Death of a gold atom? Really? Sorry don't buy that. Atoms don't die though materials in the trans-uranium series do change due to atomic decay. I don't consider that death and while the process can be reversed it requires a lot of effort. Gold does not lose its properties just because its locked into another matrix or chemical bond.
Bit lengthy....
Nitric,
The precipitation of gold from solution is pretty much the same whether its from and aqua regia solution or due to high temperature hydrothermal events. It involves and exchange of ionic carriers that gold can interact with to both allow gold to move into a solution and later be released as a solid.
Probably the most basic way to explain why gold and quartz are so strongly associated was hit apon by 3xfly and EU but not simplified. Both are correct and complement each other. In nature think of plain old water as a universal solvent. Put that solvent under high heat and pressure and it picks up other less solvent materials, ie silicon dioxide *quartz*, more solvent materials like chlorine and sulfur rich materials, ie salts and sulfides, and then interacts with a basically but not totally inert material like gold.
Bear in mind that the solvent has to pass thru a region where both the silica's and gold are present.
Due to the heat and pressure our quartz and gold move into this mobile solvent, water, and along the way push up thru the cracks and crevasses of less reactive rocks. At some point in time the solvent looses the properties, heat and or pressure, to maintain the dissolved materials its carrying. This allows the materials to resume their previous solid state. *just like normal salt does when the water evaporates another reference is to look up super saturated fluids*
Because of the point that these materials return to their solid state and leave the solvent, water, one forms before the other.... silica's will drop out of solution before chlorides or sulfides which carry gold.. and silica's being the most dominate material in the solution form your quartz veins. Now for the gold to drop out of solution one of two things will have to occur. Either the solution now contains other materials that will uncouple the gold from its solution form, other ionic materials, or the material the gold is attached to is so weakly bonded that it naturally drops out of solution. Now the process is not uniform. Some gold will be trapped in the forming quartz, whether in its crystal or in pockets, but most is forced to the boundary layer between the forming quartz and the host rock the solution has pushed up thru... ei the crack.

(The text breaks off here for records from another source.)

text \<open>This is the tower property used in every martingale bound below.\<close>

lemma nn_integral_PiM_adapted_prod_le:
  fixes P :: "'b measure" and F :: "nat \<Rightarrow> (nat \<Rightarrow> 'b) \<Rightarrow> ennreal" and c :: "nat \<Rightarrow> ennreal"
  assumes P: "prob_space P"
   and F_meas: "\<And>k m. k < m \<Longrightarrow> F k \<in> borel_measurable (PiM {..<m} (\<lambda>_. P))"
   and F_adapted: "\<And>k. depends_on_prefix k (F k)"
   and F_cond: "\<And>k x. x \<in> space (PiM {..<k} (\<lambda>_. P)) \<Longrightarrow> (\<integral>\<^sup>+ s. F k (x(k:=s)) \<partial>P) \<le> c k"
  shows "(\<integral>\<^sup>+ y. (\<Prod>k<n. F k y) \<partial>PiM {..<n} (\<lambda>_. P)) \<le> (\<Prod>k<n. c k)"
proof (induction n)
  case 0
  interpret prob_space "PiM {} (\<lambda>_::nat. P)" by (rule prob_space_PiM) (use P in auto)
  show ?case by (simp add: emeasure_space_1)
next
  case (Suc n)
  interpret product_prob_space "\<lambda>_::nat. P"
    by (simp add: product_prob_space_def product_prob_space_axioms_def product_sigma_finite_def
        P prob_space_imp_sigma_finite)
  have split: "{..<Suc n} = insert n {..<n}" by auto
  have split_space: "PiM {..<Suc n} (\<lambda>_. P) = PiM (insert n {..<n}) (\<lambda>_. P)"
    using split by simp
  have prod_meas: "(\<lambda>y. \<Prod>k<Suc n. F k y) \<in> borel_measurable (PiM (insert n {..<n}) (\<lambda>_. P))"
    using F_meas[of _ "Suc n"] unfolding split[symmetric] by (intro borel_measurable_prod_ennreal) auto
  have "(\<integral>\<^sup>+ y. (\<Prod>k<Suc n. F k y) \<partial>PiM {..<Suc n} (\<lambda>_. P))
      = (\<integral>\<^sup>+ x. (\<integral>\<^sup>+ s. (\<Prod>k<Suc n. F k (x(n:=s))) \<partial>P) \<partial>PiM {..<n} (\<lambda>_. P))"
    unfolding split_space by (rule product_nn_integral_insert[OF _ _ prod_meas]) auto
  also have "\<dots> \<le> (\<integral>\<^sup>+ x. (\<Prod>k<n. F k x) * c n \<partial>PiM {..<n} (\<lambda>_. P))"
  proof (rule nn_integral_mono)
    fix x assume x: "x \<in> space (PiM {..<n} (\<lambda>_. P))"
    have past: "F k (x(n:=s)) = F k x" if "k < n" for k s
      by (rule depends_on_prefixD[OF F_adapted]) (use that in auto)
    have Fn_meas: "(\<lambda>s. F n (x(n:=s))) \<in> borel_measurable P"
      using measurable_compose[OF measurable_component_update[OF x] F_meas[of n "Suc n", unfolded split]]
      by simp
    have "(\<integral>\<^sup>+ s. (\<Prod>k<Suc n. F k (x(n:=s))) \<partial>P) = (\<Prod>k<n. F k x) * (\<integral>\<^sup>+ s. F n (x(n:=s)) \<partial>P)"
      using past by (simp add: prod.lessThan_Suc nn_integral_cmult[OF Fn_meas])
    also have "\<dots> \<le> (\<Prod>k<n. F k x) * c n"
      by (intro mult_left_mono F_cond x) simp
    finally show "(\<integral>\<^sup>+ s. (\<Prod>k<Suc n. F k (x(n:=s))) \<partial>P) \<le> (\<Prod>k<n. F k x) * c n" .
  qed
  also have "\<dots> = (\<integral>\<^sup>+ x. (\<Prod>k<n. F k x) \<partial>PiM {..<n} (\<lambda>_. P)) * c n"
    by (rule nn_integral_multc) (use F_meas in \<open>auto intro!: borel_measurable_prod_ennreal\<close>)
  also have "\<dots> \<le> (\<Prod>k<n. c k) * c n"
    by (intro mult_right_mono Suc.IH) simp
  also have "\<dots> = (\<Prod>k<Suc n. c k)" by (simp add: prod.lessThan_Suc)
  finally show ?case .
qed

text \<open>Chernoff's inequality with \<open>t = \<Theta> / (2 \<sigma> \<surd>N)\<close>.\<close>

lemma adapted_sum_tail_bound:
  fixes P :: "'b measure" and h :: "nat \<Rightarrow> (nat \<Rightarrow> 'b) \<Rightarrow> real" and N :: nat
  assumes P: "prob_space P"
   and h_meas: "\<And>k m. k < m \<Longrightarrow> h k \<in> borel_measurable (PiM {..<m} (\<lambda>_. P))"
   and h_adapted: "\<And>k. depends_on_prefix k (h k)"
   and h_mgf: "\<And>k x t. x \<in> space (PiM {..<k} (\<lambda>_. P)) \<Longrightarrow>
              (\<integral>\<^sup>+ s. ennreal (exp (t * h k (x(k:=s)))) \<partial>P) \<le> ennreal (exp (t\<^sup>2 * \<sigma>\<^sup>2))"
   and \<sigma>: "\<sigma> > 0" and N: "N \<ge> 1" and \<Theta>: "\<Theta> > 0"
  shows "emeasure (PiM {..<N} (\<lambda>_. P)) {y \<in> space (PiM {..<N} (\<lambda>_. P)). \<Theta> * \<sigma> * sqrt N \<le> (\<Sum>k<N. h k y)}
          \<le> ennreal (exp (- \<Theta>\<^sup>2 / 4))"
proof -
  define \<Omega> where "\<Omega> = PiM {..<N} (\<lambda>_. P)"
  define t where "t = \<Theta> / (2 * \<sigma> * sqrt N)"
  define a where "a = \<Theta> * \<sigma> * sqrt N"
  have sqrtN: "sqrt (real N) > 0" using N by simp
  have t: "t > 0" unfolding t_def using \<sigma> \<Theta> sqrtN by simp
  have sum_meas: "(\<lambda>y. \<Sum>k<N. h k y) \<in> borel_measurable \<Omega>"
    unfolding \<Omega>_def using h_meas by (intro borel_measurable_sum) auto
  have "emeasure \<Omega> {y \<in> space \<Omega>. a \<le> (\<Sum>k<N. h k y)}
     \<le> ennreal (exp (- t * a)) * (\<integral>\<^sup>+ y. ennreal (exp (t * (\<Sum>k<N. h k y))) * indicator (space \<Omega>) y \<partial>\<Omega>)"
    by (rule Chernoff_ineq_nn_integral_ge[OF t]) (use sum_meas in auto)
  also have "(\<integral>\<^sup>+ y. ennreal (exp (t * (\<Sum>k<N. h k y))) * indicator (space \<Omega>) y \<partial>\<Omega>)
      = (\<integral>\<^sup>+ y. (\<Prod>k<N. ennreal (exp (t * h k y))) \<partial>\<Omega>)"
    by (intro nn_integral_cong) (simp add: exp_sum sum_distrib_left prod_ennreal)
  also have "\<dots> \<le> (\<Prod>k<N. ennreal (exp (t\<^sup>2 * \<sigma>\<^sup>2)))"
    unfolding \<Omega>_def
  proof (rule nn_integral_PiM_adapted_prod_le[OF P])
    show "(\<lambda>y. ennreal (exp (t * h k y))) \<in> borel_measurable (PiM {..<m} (\<lambda>_. P))" if "k < m" for k m
      using h_meas[OF that] by measurable
    show "depends_on_prefix k (\<lambda>y. ennreal (exp (t * h k y)))" for k
      by (rule depends_on_prefix_comp[OF h_adapted])
  qed (rule h_mgf)
  also have "\<dots> = ennreal (exp (N * (t\<^sup>2 * \<sigma>\<^sup>2)))"
    by (simp add: ennreal_power exp_of_nat_mult)
  finally have "emeasure \<Omega> {y \<in> space \<Omega>. a \<le> (\<Sum>k<N. h k y)}
      \<le> ennreal (exp (- t * a)) * ennreal (exp (N * (t\<^sup>2 * \<sigma>\<^sup>2)))"
    by (simp add: mult_left_mono)
  also have "\<dots> = ennreal (exp (- t * a) * exp (N * (t\<^sup>2 * \<sigma>\<^sup>2)))"
    by (simp add: ennreal_mult)
  also have "exp (- t * a) * exp (N * (t\<^sup>2 * \<sigma>\<^sup>2)) = exp (- t * a + N * (t\<^sup>2 * \<sigma>\<^sup>2))"
    by (simp only: exp_add)
  also have "- t * a + N * (t\<^sup>2 * \<sigma>\<^sup>2) = - \<Theta>\<^sup>2 / 4"
    using \<sigma> sqrtN unfolding t_def a_def by (simp add: field_simps power2_eq_square)
  finally show ?thesis unfolding \<Omega>_def a_def .
qed

lemma adapted_AE_not:
  fixes P :: "'b measure" and B :: "(nat \<Rightarrow> 'b) \<Rightarrow> bool"
  assumes P: "prob_space P" and kN: "k < N"
   and B_meas: "\<And>m. k < m \<Longrightarrow> Measurable.pred (PiM {..<m} (\<lambda>_. P)) B"
   and B_adapted: "depends_on_prefix k B"
   and B_null: "\<And>x. x \<in> space (PiM {..<k} (\<lambda>_. P)) \<Longrightarrow> AE s in P. \<not> B (x(k:=s))"
  shows "AE y in PiM {..<N} (\<lambda>_. P). \<not> B y"
proof -
  define F where "F j y = (if j = k then (if B y then 1 else 0) else (1::ennreal))" for j y
  define c where "c j = (if j = k then 0 else (1::ennreal))" for j
  have F_prod: "(\<Prod>j<N. F j y) = (if B y then 1 else 0)" for y
  proof -
    have "(\<Prod>j<N. F j y) = F k y * (\<Prod>j\<in>{..<N} - {k}. F j y)"
      using kN by (subst prod.remove[of _ k]) auto
    also have "(\<Prod>j\<in>{..<N} - {k}. F j y) = 1" by (intro prod.neutral) (auto simp: F_def)
    finally show ?thesis by (simp add: F_def)
  qed
  have "(\<integral>\<^sup>+ y. (\<Prod>j<N. F j y) \<partial>PiM {..<N} (\<lambda>_. P)) \<le> (\<Prod>j<N. c j)"
  proof (rule nn_integral_PiM_adapted_prod_le[OF P])
    show "F j \<in> borel_measurable (PiM {..<m} (\<lambda>_. P))" if "j < m" for j m
      unfolding F_def using B_meas[of m] that by (cases "j = k") auto
    show "depends_on_prefix j (F j)" for j
    proof (cases "j = k")
      case True
      have "F j = (\<lambda>y. if B y then 1 else 0)" using True by (simp add: F_def fun_eq_iff)
      then show ?thesis using True depends_on_prefix_comp[OF B_adapted] by simp
    qed (simp add: F_def depends_on_prefix_def)
    show "(\<integral>\<^sup>+ s. F j (x(j:=s)) \<partial>P) \<le> c j" if x: "x \<in> space (PiM {..<j} (\<lambda>_. P))" for j x
    proof (cases "j = k")
      case True
      have "(\<integral>\<^sup>+ s. F j (x(j:=s)) \<partial>P) = (\<integral>\<^sup>+ s. 0 \<partial>P)"
        using B_null[of x] x True by (intro nn_integral_cong_AE) (auto simp: F_def elim!: AE_mp)
      then show ?thesis by (simp add: c_def True)
    next
      case False
      interpret prob_space P by (rule P)
      show ?thesis using False by (simp add: F_def c_def emeasure_space_1)
    qed
  qed
  also have "(\<Prod>j<N. c j) = 0" using kN by (auto simp: c_def)
  finally have "(\<integral>\<^sup>+ y. (if B y then 1 else 0) \<partial>PiM {..<N} (\<lambda>_. P)) = 0"
    by (simp add: F_prod)
  moreover have "(\<lambda>y. if B y then 1 else 0::ennreal) \<in> borel_measurable (PiM {..<N} (\<lambda>_. P))"
    using B_meas[OF kN] by measurable
  ultimately have "AE y in PiM {..<N} (\<lambda>_. P). (if B y then 1 else 0::ennreal) = 0"
    by (simp add: nn_integral_0_iff_AE)
  then show ?thesis by (auto elim!: AE_mp)
qed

This boundary layer is what miners look for unless the gold is just all thru the quartz.
Gold in the crack

well if the gold remains with its carrier~ chlorides or sulfides~ then there is little to no free gold in the ore or resulting placer deposits.
If the gold reacts with another material and precipitates out of solution often the gold will form seed crystals and grow just like any crystal. The same would occur if the gold is only weakly bonded to its carrier. Due to other materials in the solution gold generally will not form massive crystals unless its verrrryyy pure.
Gold nuggets. A gold nugget is just a large bit of gold found in a placer deposit. Lots of names describe them but its just a bit of metal. In rare cases crystalline. Gold found in its host rock is considered a specimen but that wont deter someone from removing the host rock on a large bit and calling it a nugget as well.
Thanks for reading. Not looking for total accuracy, just simplification. I do believe the experiments have been performed Cappy.